### Records provided
lemma tensor_quad_diff: "tensor_quad (X - Y) h = tensor_quad X h - tensor_quad Y h"
  by (simp add: tensor_quad_def vec_eq_iff matrix_vector_mult_diff_rdistrib inner_diff_right)

lemma tensor_quad_tens: "tensor_quad (tens \<eta> A) h = (h \<bullet> (A *v h)) *\<^sub>R \<eta>"
proof -
  have row: "tens \<eta> A $ \<alpha> = \<eta> $ \<alpha> *\<^sub>R A" for \<alpha>
    by (simp add: tens_def vec_eq_iff)
  show ?thesis
    unfolding tensor_quad_def vec_eq_iff vec_lambda_beta row
    by (simp add: scaleR_matrix_vector_assoc[symmetric] mult.commute)
qed

lemma sym_tensor_diff_tens:
  assumes "sym_tensor X" and "sym_mat A"
  shows "sym_tensor (X - tens \<eta> A)"
  using assms unfolding sym_tensor_def sym_mat_def
  by (auto simp: transpose_def vec_eq_iff tens_def)

lemma quadratic_form_sym_prod: "v \<bullet> (sym_prod a b *v v) = (v \<bullet> a) * (v \<bullet> b)"
proof -
  let ?S = "\<lambda>a b. \<Sum>i\<in>UNIV. \<Sum>j\<in>UNIV. (v$i * a$i) * (v$j * b$j) / 2"
  have "v \<bullet> (sym_prod a b *v v) = ?S a b + ?S b a"
    by (simp add: sym_prod_def inner_vec_def matrix_vector_mult_def sum_distrib_left
        add_divide_distrib distrib_left sum.distrib mult_ac)
  also have "?S b a = ?S a b"
    by (subst sum.swap) (simp add: mult_ac)
  also have "?S a b = (v \<bullet> a) * (v \<bullet> b) / 2"
    by (simp add: inner_vec_def sum_product sum_divide_distrib)
  finally show ?thesis by simp
qed

lemma quadratic_form_le_component_sum:
  fixes M :: "real^'n^'n"
  shows "v \<bullet> (M *v v) \<le> (\<Sum>i\<in>UNIV. \<Sum>j\<in>UNIV. \<bar>M $ i $ j\<bar>) * (v \<bullet> v)"
proof -
  have "v \<bullet> (M *v v) \<le> norm v * norm (M *v v)"
    using Cauchy_Schwarz_ineq2 abs_le_D1 by blast
  also have "norm (M *v v) \<le> onorm ((*v) M) * norm v"
    by (rule onorm) (rule matrix_vector_mul_bounded_linear)
  also have "onorm ((*v) M) \<le> (\<Sum>i\<in>UNIV. \<Sum>j\<in>UNIV. \<bar>M $ i $ j\<bar>)"
    by (rule onorm_le_matrix_component_sum)
  finally show ?thesis
    by (simp add: mult_left_mono mult_right_mono power2_norm_eq_inner[symmetric]
        power2_eq_square mult_ac)
qed

lemma contact_jet2_iff_scalar:
  fixes u :: "real^'n \<Rightarrow> real^'m"
  shows "(P, X) \<in> contact_jet2 \<Omega> u \<xi> x \<longleftrightarrow> sym_tensor X \<and>
     (\<exists>g :: real^'n \<Rightarrow> real. continuous_on (UNIV - {0}) g \<and> (g \<longlongrightarrow> 0) (at 0) \<and>
        (\<exists>d>0. \<forall>z\<in>\<Omega>. z \<noteq> x \<and> dist z x < d \<longrightarrow>
           (\<forall>v. (v \<bullet> \<xi>) * (v \<bullet> jet2_remainder u x P X z) \<le> (norm (z - x))\<^sup>2 * g (z - x) * (v \<bullet> v))))"
  (is "_ \<longleftrightarrow> _ \<and> (\<exists>g. ?scalar g)")
proof
  assume "(P, X) \<in> contact_jet2 \<Omega> u \<xi> x"
  then obtain T :: "real^'n \<Rightarrow> real^'m^'m" and d where
    sym: "sym_tensor X" and cont: "continuous_on (UNIV - {0}) T" and lim: "(T \<longlongrightarrow> 0) (at 0)" and
    "d > 0" and bound: "\<forall>z\<in>\<Omega>. z \<noteq> x \<and> dist z x < d \<longrightarrow>
       qf_le (sym_prod \<xi> (jet2_remainder u x P X z)) ((norm (z - x))\<^sup>2 *\<^sub>R T (z - x))"
    unfolding contact_jet2_def jet2_remainder_def by auto
  define g where "g h = (\<Sum>i\<in>UNIV. \<Sum>j\<in>UNIV. \<bar>T h $ i $ j\<bar>)" for h
  have "continuous_on (UNIV - {0}) g"
    unfolding g_def by (intro continuous_intros cont)
  moreover have "(g \<longlongrightarrow> 0) (at 0)"
  proof -
    have "(g \<longlongrightarrow> (\<Sum>i\<in>UNIV. \<Sum>j\<in>UNIV. \<bar>(0 :: real^'m^'m) $ i $ j\<bar>)) (at 0)"
      unfolding g_def by (intro tendsto_intros lim)
    then show ?thesis by simp
  qed
  moreover have "(v \<bullet> \<xi>) * (v \<bullet> jet2_remainder u x P X z) \<le> (norm (z - x))\<^sup>2 * g (z - x) * (v \<bullet> v)"
    if "z \<in> \<Omega>" "z \<noteq> x" "dist z x < d" for z v
  proof -
    have "(v \<bullet> \<xi>) * (v \<bullet> jet2_remainder u x P X z) \<le> (norm (z - x))\<^sup>2 * (v \<bullet> (T (z - x) *v v))"
      using bound that unfolding qf_le_def
      by (auto simp: quadratic_form_sym_prod scaleR_matrix_vector_assoc[symmetric])
    also have "\<dots> \<le> (norm (z - x))\<^sup>2 * (g (z - x) * (v \<bullet> v))"
      unfolding g_def by (intro mult_left_mono quadratic_form_le_component_sum) simp
    finally show ?thesis by (simp add: mult.assoc)
  qed
  ultimately show "sym_tensor X \<and> (\<exists>g. ?scalar g)"
    using sym \<open>d > 0\<close> by blast
next
  assume "sym_tensor X \<and> (\<exists>g. ?scalar g)"
  then obtain g d where sym: "sym_tensor X" and cont: "continuous_on (UNIV - {0}) g" and
    lim: "(g \<longlongrightarrow> 0) (at 0)" and "d > 0" and bound: "\<forall>z\<in>\<Omega>. z \<noteq> x \<and> dist z x < d \<longrightarrow>
       (\<forall>v. (v \<bullet> \<xi>) * (v \<bullet> jet2_remainder u x P X z) \<le> (norm (z - x))\<^sup>2 * g (z - x) * (v \<bullet> v))"
    by blast
  define T where "T h = g h *\<^sub>R (mat 1 :: real^'m^'m)" for h :: "real^'n"
  have "continuous_on (UNIV - {0}) T"
    unfolding T_def by (intro continuous_intros cont)
  moreover have "(T \<longlongrightarrow> 0) (at 0)"
    using tendsto_scaleR[OF lim tendsto_const[of "mat 1 :: real^'m^'m"]] unfolding T_def by simp
  moreover have "transpose (T h) = T h" for h
    by (simp add: T_def transpose_scalar)
  moreover have "qf_le (sym_prod \<xi> (jet2_remainder u x P X z)) ((norm (z - x))\<^sup>2 *\<^sub>R T (z - x))"
    if "z \<in> \<Omega>" "z \<noteq> x" "dist z x < d" for z
    using bound that unfolding qf_le_def
    by (simp add: quadratic_form_sym_prod T_def scaleR_matrix_vector_assoc[symmetric])
  ultimately show "(P, X) \<in> contact_jet2 \<Omega> u \<xi> x"
    using sym \<open>d > 0\<close> unfolding contact_jet2_def jet2_remainder_def by blast
qed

### Required work
When a line of the entries contains "where", it counts; say how many such lines there are, and nothing more.

### Result of this exercise
4